What troubles Nigro and Vesneske most is the sheer number of vacancies in special education and at-risk elementary schools.

Of the current 1,069 classroom vacancies, more than eight hundred fifty – or eighty percent – influence the neediest students in very first through fifth grade and in special education.

«When people think about vacancies, it should be a concern,» Vesneske said. «It`s certainly a concern for us, but I think it`s significant to know the vacancies are not evenly spread. It`s so intensely skewed.»

Cue the state incentives.

In the final moments of their recently concluded session, lawmakers approved Senate Bill five hundred eleven to suggest $Ten million each year over the next two years in local incentives for freshly hired teachers to work in at-risk and poorly performing schools.

Districts have until July six to submit an application for those funds, with a cap of $Five,000 per individual per year, and the State Board of Education will make an initial decision on allocations at its July twenty three meeting. Local school boards can determine to use the money for signing bonuses, salary increases and more.

«Even tho’ it won`t be available soon, we are already advertising that about $Four,000 to $Five,000 will be available,» Vesneske said, adding that some recently hired teachers already have asked about the incentives.

Packing THE GAPS

Other third-party organizations also have attempted to help the district chip away at its overall hiring aim.

Instruct for America, a nonprofit group that places latest college graduates at needy schools for two years, extended its contract with the district in December to expand local membership from one hundred fifty fresh teachers to one hundred seventy five fresh teachers annually over the next three years.

Nationally, however, a hiccup in the group`s own recruitment efforts has drawn a smaller pool of applicants, and Instruct For America will place one hundred fifteen teachers in Clark County schools this year.

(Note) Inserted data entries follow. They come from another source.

(* Let $n \ge 1$. If a partial coloring of an $n\times n$ square $A$ uniquely extends to $L(n,2n-2)$, then $A$ has at most $\frac{8n}{5}$ uncolored entries (hence at most $\lfloor 8n/5\rfloor$ uncolored entries).
   Context: For positive integers $n,k$, let $\mathcal{L}_{n,k}$ be the set of $n\times n$ squares all of whose entries are colored with colors from a fixed set of $k$ colors $\{1,\dots,k\}$ such that any two entries in the same row, or in the same column, have different colors. Entries are indexed $(i,j)$, $i$ the row and $j$ the column, $1\le i,j\le n$. A partial coloring of an $n\times n$ square assigns colors from $\{1,\dots,k\}$ to some of its entries; the remaining entries are called uncolored. A partial coloring extends to $L(n,k)$ if the uncolored entries can be colored so that the resulting fully colored square lies in $\mathcal{L}_{n,k}$ (keeping the given colors), and it uniquely extends to $L(n,k)$ if there is exactly one such way. *)

theory Defs
  imports Complex_Main
begin

text \<open>Entries of an n x n square are indexed by (i,j) with 1 \<le> i,j \<le> n.
A fully colored square is a function on index pairs; to make it a unique
object we require it to be 0 outside the index set.\<close>

definition cells :: "nat \<Rightarrow> (nat \<times> nat) set" where
  "cells n = {1..n} \<times> {1..n}"

definition latin_like :: "nat \<Rightarrow> nat \<Rightarrow> (nat \<times> nat \<Rightarrow> nat) \<Rightarrow> bool" where
  "latin_like n k L \<longleftrightarrow>
     (\<forall>c. c \<notin> cells n \<longrightarrow> L c = 0) \<and>
     (\<forall>c\<in>cells n. L c \<in> {1..k}) \<and>
     (\<forall>i\<in>{1..n}. \<forall>j\<in>{1..n}. \<forall>j'\<in>{1..n}. j \<noteq> j' \<longrightarrow> L (i,j) \<noteq> L (i,j')) \<and>
     (\<forall>j\<in>{1..n}. \<forall>i\<in>{1..n}. \<forall>i'\<in>{1..n}. i \<noteq> i' \<longrightarrow> L (i,j) \<noteq> L (i',j))"

definition partial_coloring :: "nat \<Rightarrow> nat \<Rightarrow> (nat \<times> nat \<Rightarrow> nat option) \<Rightarrow> bool" where
  "partial_coloring n k A \<longleftrightarrow>
     (\<forall>c. c \<notin> cells n \<longrightarrow> A c = None) \<and>
     (\<forall>c\<in>cells n. \<forall>x. A c = Some x \<longrightarrow> x \<in> {1..k})"

definition uncolored :: "nat \<Rightarrow> (nat \<times> nat \<Rightarrow> nat option) \<Rightarrow> (nat \<times> nat) set" where
  "uncolored n A = {c \<in> cells n. A c = None}"

definition extensions :: "nat \<Rightarrow> nat \<Rightarrow> (nat \<times> nat \<Rightarrow> nat option) \<Rightarrow> (nat \<times> nat \<Rightarrow> nat) set" where
  "extensions n k A = {L. latin_like n k L \<and> (\<forall>c\<in>cells n. \<forall>x. A c = Some x \<longrightarrow> L c = x)}"

definition uniquely_extends :: "nat \<Rightarrow> nat \<Rightarrow> (nat \<times> nat \<Rightarrow> nat option) \<Rightarrow> bool" where
  "uniquely_extends n k A \<longleftrightarrow> (\<exists>!L. L \<in> extensions n k A)"

end

theory Submission
  imports Defs
begin
(* Let $A$ be a bounded linear operator on a complex Hilbert space $\mathcal H \neq \{0\}$. Then \[ W_0(A)\cap \mathcal C_A = \operatorname{cl} W(A)\cap \mathcal C_A = \sigma(A)\cap \mathcal C_A, \] where $\mathcal C_A=\{z\in\mathbb C : |z|=\|A\|\}$.
   Context: The numerical range of $A$ is $W(A)=\{\langle Ax,x\rangle : x\in\mathcal H,\ \|x\|=1\}$, and $\operatorname{cl}W(A)$ denotes its closure in $\mathbb C$. The maximal numerical range $W_0(A)$ is the set of all $\lambda\in\mathbb C$ for which there exist unit vectors $x_n\in\mathcal H$ with $\|Ax_n\|\to\|A\|$ and $\langle Ax_n,x_n\rangle\to\lambda$. $\sigma(A)$ denotes the spectrum of $A$. *)

theory Defs
  imports "HOL-Analysis.Analysis"
begin

class complex_hilbert = banach +
  fixes scaleC :: "complex \<Rightarrow> 'a \<Rightarrow> 'a"
    and cinner :: "'a \<Rightarrow> 'a \<Rightarrow> complex"
  assumes scaleC_add_right: "scaleC c (x + y) = scaleC c x + scaleC c y"
    and scaleC_add_left: "scaleC (b + c) x = scaleC b x + scaleC c x"
    and scaleC_scaleC: "scaleC b (scaleC c x) = scaleC (b * c) x"
    and scaleC_one: "scaleC 1 x = x"
    and scaleR_scaleC: "scaleR r x = scaleC (complex_of_real r) x"
    and cinner_add_left: "cinner (x + y) z = cinner x z + cinner y z"
    and cinner_scaleC_left: "cinner (scaleC c x) y = c * cinner x y"
    and cinner_commute: "cinner y x = cnj (cinner x y)"
    and norm_cinner: "norm x = sqrt (Re (cinner x x))"

definition bounded_clinear :: "('a::complex_hilbert \<Rightarrow> 'a) \<Rightarrow> bool" where
  "bounded_clinear T \<longleftrightarrow> bounded_linear T \<and> (\<forall>c x. T (scaleC c x) = scaleC c (T x))"

definition num_range :: "('a::complex_hilbert \<Rightarrow> 'a) \<Rightarrow> complex set" where
  "num_range A = {cinner (A x) x | x. norm x = 1}"

definition max_num_range :: "('a::complex_hilbert \<Rightarrow> 'a) \<Rightarrow> complex set" where
  "max_num_range A = {l. \<exists>xs :: nat \<Rightarrow> 'a. (\<forall>n. norm (xs n) = 1) \<and>
       (\<lambda>n. norm (A (xs n))) \<longlonglongrightarrow> onorm A \<and>
       (\<lambda>n. cinner (A (xs n)) (xs n)) \<longlonglongrightarrow> l}"

definition op_invertible :: "('a::complex_hilbert \<Rightarrow> 'a) \<Rightarrow> bool" where
  "op_invertible T \<longleftrightarrow> (\<exists>B. bounded_clinear B \<and> B \<circ> T = id \<and> T \<circ> B = id)"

Meantime, at Fremont Middle School near Charleston Boulevard and Maryland Parkway, education professors from the University of Nevada, Las Vegas have hosted an intense, five-week teacher training program for an inaugural class of twenty professionals with backgrounds in the military, hospitality, engineering and culinary arts.

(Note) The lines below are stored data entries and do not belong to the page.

(* For each $n$ let $\rho^{(n)}$ be a state and $X^{(n)}=(X^{(n)}_1,\dots,X^{(n)}_d)$ observables on a finite-dimensional Hilbert space, let $W^{(n)}(\xi):=e^{\sqrt{-1}\xi^iX^{(n)}_i}$ for $\xi\in\mathbb R^d$, and assume $(X^{(n)},\rho^{(n)})\rightsquigarrow N(0,J)$ for a complex positive semidefinite $d\times d$ matrix $J$. Then, with $S:=\mathrm{Im}\,J$, $\lim_{n\to\infty}\big\|W^{(n)}(\xi)W^{(n)}(\eta)\sqrt{\rho^{(n)}}-e^{\sqrt{-1}\xi^\top S\eta}W^{(n)}(\xi+\eta)\sqrt{\rho^{(n)}}\big\|_{\mathrm{HS}}=0$ for all $\xi,\eta\in\mathbb R^d$, where $\|\cdot\|_{\mathrm{HS}}$ is the Hilbert–Schmidt norm.
   Context: Summation convention. $N(0,J)$ is the quantum Gaussian state on $\mathrm{CCR}(\mathrm{Im}J)$ (generated by $e^{\sqrt{-1}\xi^iX_i}$ with $e^{\sqrt{-1}\xi^iX_i}e^{\sqrt{-1}\eta^jX_j}=e^{\sqrt{-1}\xi^\top(\mathrm{Im}J)\eta}e^{\sqrt{-1}(\xi+\eta)^iX_i}$) with $\phi(\prod_{t=1}^Te^{\sqrt{-1}\xi_t^iX_i})=\exp(-\tfrac12\sum_t\xi_t^i\xi_t^jJ_{ji}-\sum_{t<u}\xi_t^i\xi_u^jJ_{ji})$; $(X^{(n)},\rho^{(n)})\rightsquigarrow N(0,J)$ means $\mathrm{Tr}\,\rho^{(n)}\prod_te^{\sqrt{-1}\xi_t^iX^{(n)}_i}$ converges to these values for all $T$ and $\xi_1,\dots,\xi_T\in\mathbb R^d$. *)

theory Defs
  imports Complex_Main "Jordan_Normal_Form.Matrix"
begin

text \<open>Vectors xi in R^d are represented as
functions nat => real of which only the components i < d are used.\<close>

definition adj :: "complex mat \<Rightarrow> complex mat" where
  "adj A = mat (dim_col A) (dim_row A) (\<lambda>(i,j). cnj (A $$ (j,i)))"

definition hermitian :: "complex mat \<Rightarrow> bool" where
  "hermitian A \<longleftrightarrow> dim_row A = dim_col A \<and> adj A = A"

definition qform :: "complex mat \<Rightarrow> (nat \<Rightarrow> complex) \<Rightarrow> complex" where
  "qform A v = (\<Sum>i<dim_row A. \<Sum>j<dim_col A. cnj (v i) * A $$ (i,j) * v j)"

definition psd :: "complex mat \<Rightarrow> bool" where
  "psd A \<longleftrightarrow> hermitian A \<and> (\<forall>v. qform A v \<in> \<real> \<and> Re (qform A v) \<ge> 0)"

The so-called Rebel Academy, which enrolled about six dozen middle school students for free summer courses, offers the twenty teacher candidates a chance to earn enough classroom practice to apply for a training license. The candidates will proceed their studies at UNLV to finish a master`s degree while training utter time in the district.

«It`s something that`s always been in my DNA,» said Bentley McDonald, a 27-year-old community organizer who created the local nonprofit Real Education Matters to inspire minority students to care more about school.

While he has heard of the teacher incentives available soon through the state, McDonald said that`s not why he hopes to work at an at-risk middle school kicking off in August.

«That`s where you can make the greatest influence on a community,» he said. «They do have fine incentives, but for me it`s not about the money.»